I’ve been meaning to do a small write-up on a couple of key Object Cache points, but other things kept trumping my desire to put this post together. I finally found the nudge I needed (or rather, gave myself a kick in the butt) after discussing the topic a bit with Andrew Connell following a presentation he gave at a SharePoint Users of Indiana user group meeting. Thanks, Andrew!
A Brief Bit of Background
As I may have mentioned in a previous post, I’ve spent the bulk of the last two years buried in a set of Internet-facing MOSS publishing sites that are the public presence for my current client. Given that my current client is a Fortune 50 company, it probably comes as no surprise when I say that the sites see quite a bit of daily traffic. Issues due to poor performance tuning and inefficient code have a way of making themselves known in dramatic fashion.
Some time ago, we were experiencing a whole host of critical performance issues that ultimately stemmed from a variety of sources: custom code, infrastructure configuration, cache tuning parameters, and more. It took a team of Microsoft experts, along with professionals working for the client, to systematically address each item and bring operations back to a “normal” state. Though we ultimately worked through a number of different problem areas, one area in particular stood out: the MOSS Object Cache and how it was “tuned.”
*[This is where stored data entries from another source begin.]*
lemma admissible_path_arm:
  assumes p: "ps \<in> paths n" and j: "j < 2 * n + 2" "ps ! j = S \<or> ps ! j = W"
  defines "H \<equiv> j + 3"
  shows "admissible n (path_arm ps H) H"
proof -
  define A where "A = path_arm ps H"
  have len: "length ps = 2 * n + 2"
    using p by (simp add: paths_def)
  have A_iff: "step_entry H i \<in> A \<longleftrightarrow> ps ! i = E \<or> ps ! i = S" if "i < 2 * n + 2" for i
    using step_entry_in_path_arm_iff[of i ps H] that len by (simp add: A_def)
  have entry_before: "i \<le> j \<Longrightarrow> step_entry H i = i + 2" for i
    by (simp add: step_entry_def H_def)
  have "card {i. i < length ps \<and> (ps ! i = E \<or> ps ! i = S)} = n + 1"
    using paths_count_list(2)[OF p] length_filter_eq_or_eq[of E S ps]
    by (simp add: length_filter_conv_card)
  moreover have "1 \<notin> step_entry H ` {i. i < length ps \<and> (ps ! i = E \<or> ps ! i = S)}"
    by (auto simp: step_entry_def)
  ultimately have "card A = n + 2"
    by (simp add: A_def path_arm_def card_image inj_on_subset[OF inj_step_entry])
  moreover have "A \<subseteq> {1..2 * n + 4}" "H \<notin> A" "H \<le> 2 * n + 4"
    using j len by (auto simp: A_def path_arm_def step_entry_def H_def)
  moreover have "\<exists>a\<in>A. 2 \<le> a \<and> a < H"
  proof (cases "ps ! j = S")
    case True
    then show ?thesis
      using A_iff[OF j(1)] entry_before[of j] by (intro bexI[of _ "j + 2"]) (auto simp: H_def)
  next
    case False
    then obtain i where "i < j" "ps ! i = E"
      using paths_turn_preceded(2)[OF p] j len by auto
    then show ?thesis
      using A_iff[of i] entry_before[of i] j by (intro bexI[of _ "i + 2"]) (auto simp: H_def)
  qed
  moreover have "\<exists>b. b \<notin> A \<and> 2 \<le> b \<and> b < H"
  proof (cases "ps ! j = S")
    case True
    then obtain i where "i < j" "ps ! i = N"
      using paths_turn_preceded(1)[OF p] j len by auto
    then show ?thesis
      using A_iff[of i] entry_before[of i] j by (intro exI[of _ "i + 2"]) (auto simp: H_def)
  next
    case False
    then show ?thesis
      using A_iff[OF j(1)] entry_before[of j] j by (intro exI[of _ "j + 2"]) (auto simp: H_def)
  qed
  moreover have "1 \<in> A"
    by (simp add: A_def path_arm_def)
  ultimately show ?thesis
    unfolding admissible_def A_def[symmetric] by blast
qed

lemma paths_eq_path_word:
  assumes p: "ps \<in> paths n"
  obtains A H where "admissible n A H" "ps = path_word n A H"
proof -
  have len: "length ps = 2 * n + 2"
    using p by (simp add: paths_def)
  obtain j where j: "j < 2 * n + 2" "ps ! j = S \<or> ps ! j = W"
    and others: "\<And>i. i < 2 * n + 2 \<Longrightarrow> i \<noteq> j \<Longrightarrow> ps ! i = E \<or> ps ! i = N"
    using paths_turnE[OF p] by blast
  have "ps = path_word n (path_arm ps (j + 3)) (j + 3)"
  proof (rule nth_equalityI)
    show "length ps = length (path_word n (path_arm ps (j + 3)) (j + 3))"
      using len by (simp add: path_word_def)
    show "ps ! i = path_word n (path_arm ps (j + 3)) (j + 3) ! i" if "i < length ps" for i
      using that len j others[of i] step_entry_in_path_arm_iff[OF that, of "j + 3"]
      by (cases "i = j") (auto simp: path_word_def path_letter_def simp del: upt_Suc)
  qed
  with admissible_path_arm[OF p j] show thesis
    using that by blast
qed

lemma bij_betw_path_word:
  "bij_betw (\<lambda>(A, H). path_word n A H) {(A, H). admissible n A H} (paths n)"
proof (rule bij_betw_imageI)
  show "inj_on (\<lambda>(A, H). path_word n A H) {(A, H). admissible n A H}"
  proof (rule inj_onI, clarsimp)
    fix A H A' H'
    assume "admissible n A H" "admissible n A' H'" "path_word n A H = path_word n A' H'"
    then show "A = A' \<and> H = H'"
      using path_word_inj by blast
  qed
  show "(\<lambda>(A, H). path_word n A H) ` {(A, H). admissible n A H} = paths n"
  proof (intro equalityI subsetI)
    fix ps assume "ps \<in> paths n"
    then obtain A H where "admissible n A H" "ps = path_word n A H"
      by (rule paths_eq_path_word)
    then show "ps \<in> (\<lambda>(A, H). path_word n A H) ` {(A, H). admissible n A H}"
      by (intro image_eqI[of _ _ "(A, H)"]) simp_all
  qed (auto simp: path_word_in_paths)
qed

theorem mainTheorem2:
  fixes n :: nat
  shows "(\<forall>T \<in> SYT n. xi n T \<in> paths n) \<and> bij_betw (xi n) (SYT n) (paths n)"
proof -
  let ?arm_heart = "\<lambda>T. (T ` arm_cells n, T heart_cell)"
  have "bij_betw ((\<lambda>(A, H). path_word n A H) \<circ> ?arm_heart) (SYT n) (paths n)"
    using bij_betw_arm_heart bij_betw_path_word by (rule bij_betw_trans)
  moreover have "((\<lambda>(A, H). path_word n A H) \<circ> ?arm_heart) T = xi n T" if "T \<in> SYT n" for T
    using xi_eq_path_word[OF that] by simp
  ultimately have "bij_betw (xi n) (SYT n) (paths n)"
    using bij_betw_cong by blast
  then show ?thesis
    using bij_betwE by blast
qed

end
What is the MOSS Object Cache?
Publishing sites make use of the Object Cache without any intervention on the part of administrators. By default, a publishing site’s Object Cache receives up to 100MB of memory for use when the site collection is created. This allocation can be seen on the Object Cache Settings site collection administration page within a publishing site:
Note that I said that up to 100MB can be used by the Object Cache by default. The size of the allocation simply determines how large the cache can grow in memory before item ejection, flushing, and possible compactions result. The maximum cache size isn’t a static allocation, so allocating 500MB of memory, for example, won’t deprive the server of 500MB of memory unless the amount of data going into the cache grows to that level. I’m taking a moment to point this out because I wasn’t (personally) aware of this when I first started working with the Object Cache. This point also becomes a relevant point in a story I’ll be telling in a bit.
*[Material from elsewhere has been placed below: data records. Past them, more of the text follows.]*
lemma transfer_coset_iff:
  assumes a: "a \<in> A1" and a': "a' \<in> A2"
  shows "transfer (coset a B1) = coset a' B2 \<longleftrightarrow> a - a' \<in> C"
proof -
  obtain a'' where a'': "a'' \<in> A2" "a - a'' \<in> C"
    using partner1[OF a] by blast
  have "transfer (coset a B1) = coset a' B2 \<longleftrightarrow> a'' - a' \<in> B2"
    using transfer_coset[OF a a''] coset_eq_iff[OF lie_ideal_subspace[OF lie_ideal_B2]] by simp
  also have "\<dots> \<longleftrightarrow> a'' - a' \<in> C"
    using Int2 lie_ideal_diff[OF A2 a''(1) a'] by blast
  also have "\<dots> \<longleftrightarrow> a - a' \<in> C"
    using lie_ideal_add[OF C, of "a - a''" "a'' - a'"] lie_ideal_diff[OF C, of "a - a'" "a - a''"]
      a''(2)
    by auto
  finally show ?thesis .
qed

lemma bij_betw_transfer: "bij_betw transfer (quot A1 B1) (quot A2 B2)"
  unfolding bij_betw_def
proof
  show "inj_on transfer (quot A1 B1)"
  proof (rule inj_onI)
    fix X Y assume "X \<in> quot A1 B1" "Y \<in> quot A1 B1" and XY: "transfer X = transfer Y"
    then obtain a b where X: "X = coset a B1" "a \<in> A1" and Y: "Y = coset b B1" "b \<in> A1"
      unfolding quot_def by blast
    obtain b' where b': "b' \<in> A2" "b - b' \<in> C"
      using partner1[OF Y(2)] by blast
    have "a - b' \<in> C"
      using XY transfer_coset[OF Y(2) b'] transfer_coset_iff[OF X(2) b'(1)] X Y by simp
    then have "a - b \<in> A1 \<inter> C"
      using lie_ideal_diff[OF C \<open>a - b' \<in> C\<close> b'(2)] lie_ideal_diff[OF A1 X(2) Y(2)] by simp
    then show "X = Y"
      using X Y Int1 coset_eq_iff[OF lie_ideal_subspace[OF lie_ideal_Int[OF A1 C]]] by simp
  qed
  show "transfer ` quot A1 B1 = quot A2 B2"
  proof (intro equalityI subsetI)
    fix Y assume "Y \<in> transfer ` quot A1 B1"
    then obtain a where "a \<in> A1" "Y = transfer (coset a B1)"
      unfolding quot_def by blast
    then show "Y \<in> quot A2 B2"
      using partner1 transfer_coset coset_in_quot by metis
  next
    fix Y assume "Y \<in> quot A2 B2"
    then obtain a' where "a' \<in> A2" "Y = coset a' B2"
      unfolding quot_def by blast
    then show "Y \<in> transfer ` quot A1 B1"
      using partner2 transfer_coset coset_in_quot by (metis image_eqI)
  qed
qed

lemma L_isomorphic_factors: "L_isomorphic scale br A1 B1 A2 B2"
  unfolding L_isomorphic_def
proof (intro exI conjI ballI allI impI)
  show "bij_betw transfer (quot A1 B1) (quot A2 B2)"
    by (rule bij_betw_transfer)
next
  fix a b a' b' assume "a \<in> A1" "b \<in> A1" "a' \<in> A2" "b' \<in> A2"
    and "transfer (coset a B1) = coset a' B2 \<and> transfer (coset b B1) = coset b' B2"
  then have "(a - a') + (b - b') \<in> C"
    by (simp add: transfer_coset_iff lie_ideal_add[OF C])
  then have "(a + b) - (a' + b') \<in> C"
    by (simp add: algebra_simps)
  then show "transfer (coset (a + b) B1) = coset (a' + b') B2"
    by (simp add: transfer_coset_iff \<open>a \<in> A1\<close> \<open>b \<in> A1\<close> \<open>a' \<in> A2\<close> \<open>b' \<in> A2\<close>
        lie_ideal_add[OF A1] lie_ideal_add[OF A2])
next
  fix c a a' assume "a \<in> A1" "a' \<in> A2" "transfer (coset a B1) = coset a' B2"
  moreover have "scale c a - scale c a' = scale c (a - a')"
    by (simp add: vs.scale_right_diff_distrib)
  ultimately show "transfer (coset (scale c a) B1) = coset (scale c a') B2"
    by (simp add: transfer_coset_iff lie_ideal_scale[OF A1] lie_ideal_scale[OF A2]
        lie_ideal_scale[OF C])
next
  fix x a a' assume "a \<in> A1" "a' \<in> A2" "transfer (coset a B1) = coset a' B2"
  moreover have "br x a - br x a' = br x (a - a')"
    by (simp add: bracket_diff_right)
  ultimately show "transfer (coset (br x a) B1) = coset (br x a') B2"
    by (simp add: transfer_coset_iff lie_ideal_bracket_right[OF A1] lie_ideal_bracket_right[OF A2]
        lie_ideal_bracket_right[OF C])
qed

end

context lie_alg
begin

lemma L_isomorphic_if_centraliser_eq:
  assumes chief1: "chief_factor scale br A1 B1" and chief2: "chief_factor scale br A2 B2"
    and nonab1: "\<not> abelian_factor br A1 B1" and nonab2: "\<not> abelian_factor br A2 B2"
    and eq: "centraliser br A1 B1 = centraliser br A2 B2"
  shows "L_isomorphic scale br A1 B1 A2 B2"
proof -
  let ?C = "centraliser br A1 B1"
  have "\<not> A1 \<subseteq> ?C" "\<not> A2 \<subseteq> ?C"
    using nonab1 nonab2 eq by (simp_all add: abelian_factor_iff_subset_centraliser)
  then interpret perspective_factors scale br A1 B1 A2 B2 ?C
    using chief_factorD[OF chief1] chief_factorD[OF chief2] eq
      chief_factor_Int_centraliser[OF chief1 nonab1] chief_factor_Int_centraliser[OF chief2 nonab2]
      chief_factor_subset_plus_centraliser[OF chief1, of A2]
      chief_factor_subset_plus_centraliser[OF chief2, of A1]
      lie_ideal_centraliser
    by unfold_locales simp_all
  show ?thesis
    by (rule L_isomorphic_factors)
qed

end

theorem theorem2p1:
  fixes scale :: "'k::field \<Rightarrow> 'v::ab_group_add \<Rightarrow> 'v"
    and br :: "'v \<Rightarrow> 'v \<Rightarrow> 'v"
    and A1 B1 A2 B2 :: "'v set"
  assumes "lie_algebra scale br"
    and "finite_dimensional scale"
    and "chief_factor scale br A1 B1"
    and "chief_factor scale br A2 B2"
  shows "(L_isomorphic scale br A1 B1 A2 B2 \<longrightarrow>
            centraliser br A1 B1 = centraliser br A2 B2)
       \<and> (\<not> abelian_factor br A1 B1 \<and> \<not> abelian_factor br A2 B2 \<longrightarrow>
            (L_isomorphic scale br A1 B1 A2 B2 \<longleftrightarrow>
             centraliser br A1 B1 = centraliser br A2 B2))"
proof -
  interpret lie_alg scale br
    by (rule lie_alg.intro) (fact assms(1))
  have "L_isomorphic scale br A1 B1 A2 B2 \<Longrightarrow> centraliser br A1 B1 = centraliser br A2 B2"
    using L_isomorphic_centraliser_eq chief_factorD[OF assms(3)] chief_factorD[OF assms(4)] by blast
  then show ?thesis
    using L_isomorphic_if_centraliser_eq[OF assms(3,4)] by blast
qed

end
Microsoft’s TechNet site has an article that provides pretty good coverage of caching within MOSS (including the Object Cache), so I’m not going to go into all of the details it covers in this post. I will make the assumption that the information presented in the TechNet article has been read and understood, though, because it serves as the starting point for my discussion.
Object Cache Memory Tuning Basics
The TechNet article indicates that two specific indicators should be watched for tuning purposes. Those two indicators, along with their associated performance counters, are
- Cache hit ratio (SharePoint Publishing Cache/Publishing cache hit ratio)
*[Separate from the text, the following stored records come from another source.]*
lemma card_le_by_domination:
  assumes "finite T" "finite U" "\<forall>t\<in>T. nbr E t \<inter> U \<noteq> {}"
    and "\<forall>u\<in>U. card (nbr E u \<inter> T) \<le> b"
  shows "card T \<le> card U * b"
proof -
  have "T \<subseteq> (\<Union>u\<in>U. nbr E u \<inter> T)"
    using assms(3) nbr_sym by fastforce
  then have "card T \<le> card (\<Union>u\<in>U. nbr E u \<inter> T)"
    using assms(1,2) by (intro card_mono) auto
  also have "\<dots> \<le> (\<Sum>u\<in>U. card (nbr E u \<inter> T))" by (rule card_UN_le[OF assms(2)])
  also have "\<dots> \<le> card U * b" using sum_bounded_above[of U _ b] assms(4) by simp
  finally show ?thesis .
qed

lemma card_induced_edges_insert:
  assumes "simple_graph V E" "finite C"
  shows "card (induced_edges E (insert x C)) \<le> card (induced_edges E C) + card C"
proof -
  have "induced_edges E (insert x C) \<subseteq> induced_edges E C \<union> (\<lambda>c. {x, c}) ` C"
  proof
    fix e assume e: "e \<in> induced_edges E (insert x C)"
    then obtain a b where "e = {a, b}" "a \<noteq> b"
      using simple_graph_edgeE[OF assms(1)] unfolding induced_edges_def by blast
    then show "e \<in> induced_edges E C \<union> (\<lambda>c. {x, c}) ` C"
      using e unfolding induced_edges_def by (cases "x \<in> e") (auto simp: insert_commute)
  qed
  then have "card (induced_edges E (insert x C)) \<le> card (induced_edges E C \<union> (\<lambda>c. {x, c}) ` C)"
    using simple_graph_finite_edges[OF assms(1)] assms(2)
    by (intro card_mono) (auto simp: induced_edges_def)
  also have "\<dots> \<le> card (induced_edges E C) + card ((\<lambda>c. {x, c}) ` C)" by (rule card_Un_le)
  also have "\<dots> \<le> card (induced_edges E C) + card C" using card_image_le[OF assms(2)] by simp
  finally show ?thesis .
qed

text \<open>Take \<open>C\<close> of maximal size among subsets inducing at most \<open>k\<close>
  edges; either \<open>C = U\<close>, or adding a vertex overshoots \<open>k\<close> by the previous lemma.\<close>

lemma edge_threshold_subset:
  assumes "simple_graph V E" "finite U" "k \<le> card U"
  shows "\<exists>C\<subseteq>U. card (induced_edges E C) \<le> k \<and> k \<le> card (induced_edges E C) + card C"
proof -
  define sparse where "sparse C \<longleftrightarrow> C \<subseteq> U \<and> card (induced_edges E C) \<le> k" for C
  have "sparse {}"
    using simple_graph_induced_edges_empty[OF assms(1)] by (simp add: sparse_def)
  moreover have "\<forall>C. sparse C \<longrightarrow> card C < Suc (card U)"
    using assms(2) by (auto simp: sparse_def card_mono less_Suc_eq_le)
  ultimately obtain C where C: "sparse C" and maximal: "\<And>C'. sparse C' \<Longrightarrow> card C' \<le> card C"
    using ex_has_greatest_nat[of sparse "{}" card "Suc (card U)"] by blast
  have CU: "C \<subseteq> U" and finC: "finite C"
    using C assms(2) finite_subset unfolding sparse_def by auto
  have "k \<le> card (induced_edges E C) + card C"
  proof (cases "C = U")
    case True
    then show ?thesis using assms(3) by simp
  next
    case False
    then obtain x where x: "x \<in> U" "x \<notin> C" using CU by blast
    then have "\<not> sparse (insert x C)"
      using maximal[of "insert x C"] finC by auto
    then have "k < card (induced_edges E (insert x C))"
      using x CU unfolding sparse_def by auto
    then show ?thesis using card_induced_edges_insert[OF assms(1) finC, of x] by linarith
  qed
  then show ?thesis using C unfolding sparse_def by blast
qed

lemma induced_edges_pendant:
  assumes "simple_graph V E" "independent E T" "C' \<subseteq> C"
    and privacy: "\<forall>c\<in>C'. p c \<in> T \<and> nbr E (p c) \<inter> C = {c}"
  shows "induced_edges E (C \<union> p ` C') = induced_edges E C \<union> (\<lambda>c. {c, p c}) ` C'"
proof
  have pendant: "x = c" if "c \<in> C'" "x \<in> C" "{p c, x} \<in> E" for c x
    using privacy that unfolding nbr_def by blast
  show "induced_edges E (C \<union> p ` C') \<subseteq> induced_edges E C \<union> (\<lambda>c. {c, p c}) ` C'"
  proof
    fix e assume e: "e \<in> induced_edges E (C \<union> p ` C')"
    then obtain a b where ab: "e = {a, b}" "a \<noteq> b" "e \<in> E"
      using simple_graph_edgeE[OF assms(1)] unfolding induced_edges_def by blast
    have a: "a \<in> C \<union> p ` C'" and b: "b \<in> C \<union> p ` C'"
      using e ab(1) unfolding induced_edges_def by auto
    show "e \<in> induced_edges E C \<union> (\<lambda>c. {c, p c}) ` C'"
    proof (cases "a \<in> C"; cases "b \<in> C")
      assume "a \<in> C" "b \<in> C"
      then show ?thesis using ab unfolding induced_edges_def by auto
    next
      assume "a \<in> C" "b \<notin> C"
      then obtain c where "c \<in> C'" "b = p c" using b by auto
      then show ?thesis using pendant[of c a] ab \<open>a \<in> C\<close> by (auto simp: insert_commute)
    next
      assume "a \<notin> C" "b \<in> C"
      then obtain c where "c \<in> C'" "a = p c" using a by auto
      then show ?thesis using pendant[of c b] ab \<open>b \<in> C\<close> by (auto simp: insert_commute)
    next
      assume "a \<notin> C" "b \<notin> C"
      then have "a \<in> T" "b \<in> T" using a b privacy by auto
      then show ?thesis using assms(2) ab unfolding independent_def by blast
    qed
  qed
  show "induced_edges E C \<union> (\<lambda>c. {c, p c}) ` C' \<subseteq> induced_edges E (C \<union> p ` C')"
    using privacy assms(3) by (auto simp: induced_edges_def nbr_def insert_commute)
qed

lemma card_induced_edges_pendant:
  assumes "simple_graph V E" "independent E T" "C \<inter> T = {}" "C' \<subseteq> C" "finite C'"
    and privacy: "\<forall>c\<in>C'. p c \<in> T \<and> nbr E (p c) \<inter> C = {c}"
  shows "card (induced_edges E (C \<union> p ` C')) = card (induced_edges E C) + card C'"
proof -
  have "{c, p c} \<notin> induced_edges E C" if "c \<in> C'" for c
    using that privacy assms(3) unfolding induced_edges_def by blast
  then have "induced_edges E C \<inter> (\<lambda>c. {c, p c}) ` C' = {}" by blast
  moreover have "inj_on (\<lambda>c. {c, p c}) C'"
  proof (rule inj_onI)
    fix c c' assume c: "c \<in> C'" "c' \<in> C'" "{c, p c} = {c', p c'}"
    have "c \<noteq> p c'" using c(1,2) assms(3,4) privacy by blast
    then show "c = c'" using c(3) by (auto simp: doubleton_eq_iff)
  qed
  moreover have "finite (induced_edges E C)"
    using simple_graph_finite_edges[OF assms(1)] by (simp add: induced_edges_def)
  ultimately show ?thesis
    unfolding induced_edges_pendant[OF assms(1,2,4) privacy]
    using assms(5) by (simp add: card_Un_disjoint card_image)
qed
- Object discard rate (SharePoint Publishing Cache/Total object discards)
The image below shows these counters highlighted on a MOSS WFE where all SharePoint Publishing Cache counters have been added to a Performance Monitor session:
According to the article, the Publishing cache hit ratio should remain above 90% and a low object discard rate should be observed. This is good advice, and I’m not saying that it shouldn’t be followed. In fact, my experience has shown Publishing cache hit ratio values of 98%+ are relatively common for well-tuned publishing sites possessing largely static content.
The “Dirty Little Secret” about the Publishing Cache Hit Ratio Counter
As it turns out, though, the Publishing cache hit ratio counter should come with a very large warning that reads as follows:
WARNING: This counter only resets with a server reboot. Data it displays has been aggregating for as long as the server has been up.
This may not seem like such a big deal, particularly if you’re looking at a new site collection. Let me share a painful personal experience, though, that should drive home how important a point this really is.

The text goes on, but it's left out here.